Task to complete
Collect all lines below with the string "exists".

Materials provided
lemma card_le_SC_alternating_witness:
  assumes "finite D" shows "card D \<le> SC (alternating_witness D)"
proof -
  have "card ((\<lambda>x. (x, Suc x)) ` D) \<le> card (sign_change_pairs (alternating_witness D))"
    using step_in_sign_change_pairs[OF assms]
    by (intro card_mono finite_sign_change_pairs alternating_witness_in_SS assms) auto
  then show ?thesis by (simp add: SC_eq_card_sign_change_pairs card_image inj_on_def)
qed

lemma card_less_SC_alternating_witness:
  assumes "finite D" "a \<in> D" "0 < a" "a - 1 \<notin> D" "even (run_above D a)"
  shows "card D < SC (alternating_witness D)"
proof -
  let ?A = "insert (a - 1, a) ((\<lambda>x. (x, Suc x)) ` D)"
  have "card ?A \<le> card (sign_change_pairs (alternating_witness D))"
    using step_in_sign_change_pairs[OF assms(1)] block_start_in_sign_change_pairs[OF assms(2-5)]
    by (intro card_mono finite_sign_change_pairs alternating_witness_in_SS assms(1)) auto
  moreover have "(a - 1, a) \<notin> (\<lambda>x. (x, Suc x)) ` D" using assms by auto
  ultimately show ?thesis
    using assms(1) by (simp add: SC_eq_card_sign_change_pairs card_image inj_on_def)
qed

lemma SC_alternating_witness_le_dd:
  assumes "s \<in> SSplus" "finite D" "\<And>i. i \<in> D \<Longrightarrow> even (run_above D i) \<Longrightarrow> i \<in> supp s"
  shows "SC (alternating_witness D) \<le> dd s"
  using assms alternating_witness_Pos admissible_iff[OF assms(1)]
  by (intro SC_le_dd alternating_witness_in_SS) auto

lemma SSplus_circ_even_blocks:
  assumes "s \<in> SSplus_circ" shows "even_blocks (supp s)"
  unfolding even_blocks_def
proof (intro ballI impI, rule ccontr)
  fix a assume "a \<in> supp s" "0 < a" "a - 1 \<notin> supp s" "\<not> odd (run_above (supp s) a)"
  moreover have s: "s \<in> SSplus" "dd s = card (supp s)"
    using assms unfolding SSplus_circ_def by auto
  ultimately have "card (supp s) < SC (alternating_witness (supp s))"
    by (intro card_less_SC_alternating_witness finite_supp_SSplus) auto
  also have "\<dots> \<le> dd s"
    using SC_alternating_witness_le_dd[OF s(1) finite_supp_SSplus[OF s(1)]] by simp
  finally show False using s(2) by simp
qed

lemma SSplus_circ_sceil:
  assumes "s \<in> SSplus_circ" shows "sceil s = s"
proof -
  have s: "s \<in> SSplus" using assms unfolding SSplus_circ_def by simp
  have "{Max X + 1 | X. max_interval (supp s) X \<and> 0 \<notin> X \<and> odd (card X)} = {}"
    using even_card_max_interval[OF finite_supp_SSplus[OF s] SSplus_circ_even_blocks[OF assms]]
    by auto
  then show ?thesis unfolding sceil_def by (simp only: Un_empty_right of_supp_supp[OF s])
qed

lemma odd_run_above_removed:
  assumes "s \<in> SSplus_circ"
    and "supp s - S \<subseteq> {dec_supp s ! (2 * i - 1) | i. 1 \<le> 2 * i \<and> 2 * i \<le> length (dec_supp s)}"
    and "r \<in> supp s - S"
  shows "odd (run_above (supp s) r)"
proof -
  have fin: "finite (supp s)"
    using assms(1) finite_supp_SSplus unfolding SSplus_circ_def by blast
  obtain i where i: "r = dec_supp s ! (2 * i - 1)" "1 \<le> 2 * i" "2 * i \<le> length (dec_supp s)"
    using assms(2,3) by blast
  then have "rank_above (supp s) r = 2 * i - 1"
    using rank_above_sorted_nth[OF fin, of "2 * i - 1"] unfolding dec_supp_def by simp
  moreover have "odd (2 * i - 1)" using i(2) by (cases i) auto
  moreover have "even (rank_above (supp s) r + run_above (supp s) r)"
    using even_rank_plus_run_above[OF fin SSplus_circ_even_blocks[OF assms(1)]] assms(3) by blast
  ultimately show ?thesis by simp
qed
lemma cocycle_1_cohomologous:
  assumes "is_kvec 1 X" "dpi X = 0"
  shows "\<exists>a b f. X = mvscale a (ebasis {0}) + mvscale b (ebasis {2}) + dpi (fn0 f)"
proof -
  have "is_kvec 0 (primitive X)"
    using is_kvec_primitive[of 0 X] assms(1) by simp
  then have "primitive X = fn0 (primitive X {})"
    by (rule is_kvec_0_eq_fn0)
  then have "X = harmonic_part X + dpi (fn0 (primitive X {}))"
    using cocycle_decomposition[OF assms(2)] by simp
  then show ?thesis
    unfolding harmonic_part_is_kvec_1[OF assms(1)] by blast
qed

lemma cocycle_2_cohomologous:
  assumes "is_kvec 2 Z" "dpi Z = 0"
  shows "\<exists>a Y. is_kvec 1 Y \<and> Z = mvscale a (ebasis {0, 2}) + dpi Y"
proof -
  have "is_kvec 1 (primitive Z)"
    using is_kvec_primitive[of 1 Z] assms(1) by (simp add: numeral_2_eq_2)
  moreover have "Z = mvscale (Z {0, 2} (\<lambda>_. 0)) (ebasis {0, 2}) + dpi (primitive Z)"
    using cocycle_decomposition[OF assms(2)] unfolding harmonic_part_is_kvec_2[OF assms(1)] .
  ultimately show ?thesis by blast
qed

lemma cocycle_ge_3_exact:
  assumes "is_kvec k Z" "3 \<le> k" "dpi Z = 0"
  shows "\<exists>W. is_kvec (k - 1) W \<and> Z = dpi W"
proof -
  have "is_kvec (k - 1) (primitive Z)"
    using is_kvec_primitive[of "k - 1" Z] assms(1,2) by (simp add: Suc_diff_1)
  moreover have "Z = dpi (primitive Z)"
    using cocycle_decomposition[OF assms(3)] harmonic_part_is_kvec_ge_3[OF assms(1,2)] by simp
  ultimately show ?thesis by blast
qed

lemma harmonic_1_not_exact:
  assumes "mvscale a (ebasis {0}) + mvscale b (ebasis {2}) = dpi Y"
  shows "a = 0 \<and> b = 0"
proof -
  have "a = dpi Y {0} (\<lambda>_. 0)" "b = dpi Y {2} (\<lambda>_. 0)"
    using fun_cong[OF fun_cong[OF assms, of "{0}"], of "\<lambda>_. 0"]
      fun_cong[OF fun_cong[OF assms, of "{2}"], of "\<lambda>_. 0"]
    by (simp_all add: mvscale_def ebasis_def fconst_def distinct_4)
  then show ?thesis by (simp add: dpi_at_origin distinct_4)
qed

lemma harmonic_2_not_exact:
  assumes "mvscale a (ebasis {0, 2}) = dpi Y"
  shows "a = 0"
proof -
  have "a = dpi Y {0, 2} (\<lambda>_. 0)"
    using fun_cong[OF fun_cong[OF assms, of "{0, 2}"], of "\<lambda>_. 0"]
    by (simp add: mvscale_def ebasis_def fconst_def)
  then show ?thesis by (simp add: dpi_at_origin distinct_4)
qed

Finished exercise
  shows "\<exists>a b f. X = mvscale a (ebasis {0}) + mvscale b (ebasis {2}) + dpi (fn0 f)"
  shows "\<exists>a Y. is_kvec 1 Y \<and> Z = mvscale a (ebasis {0, 2}) + dpi Y"
  shows "\<exists>W. is_kvec (k - 1) W \<and> Z = dpi W"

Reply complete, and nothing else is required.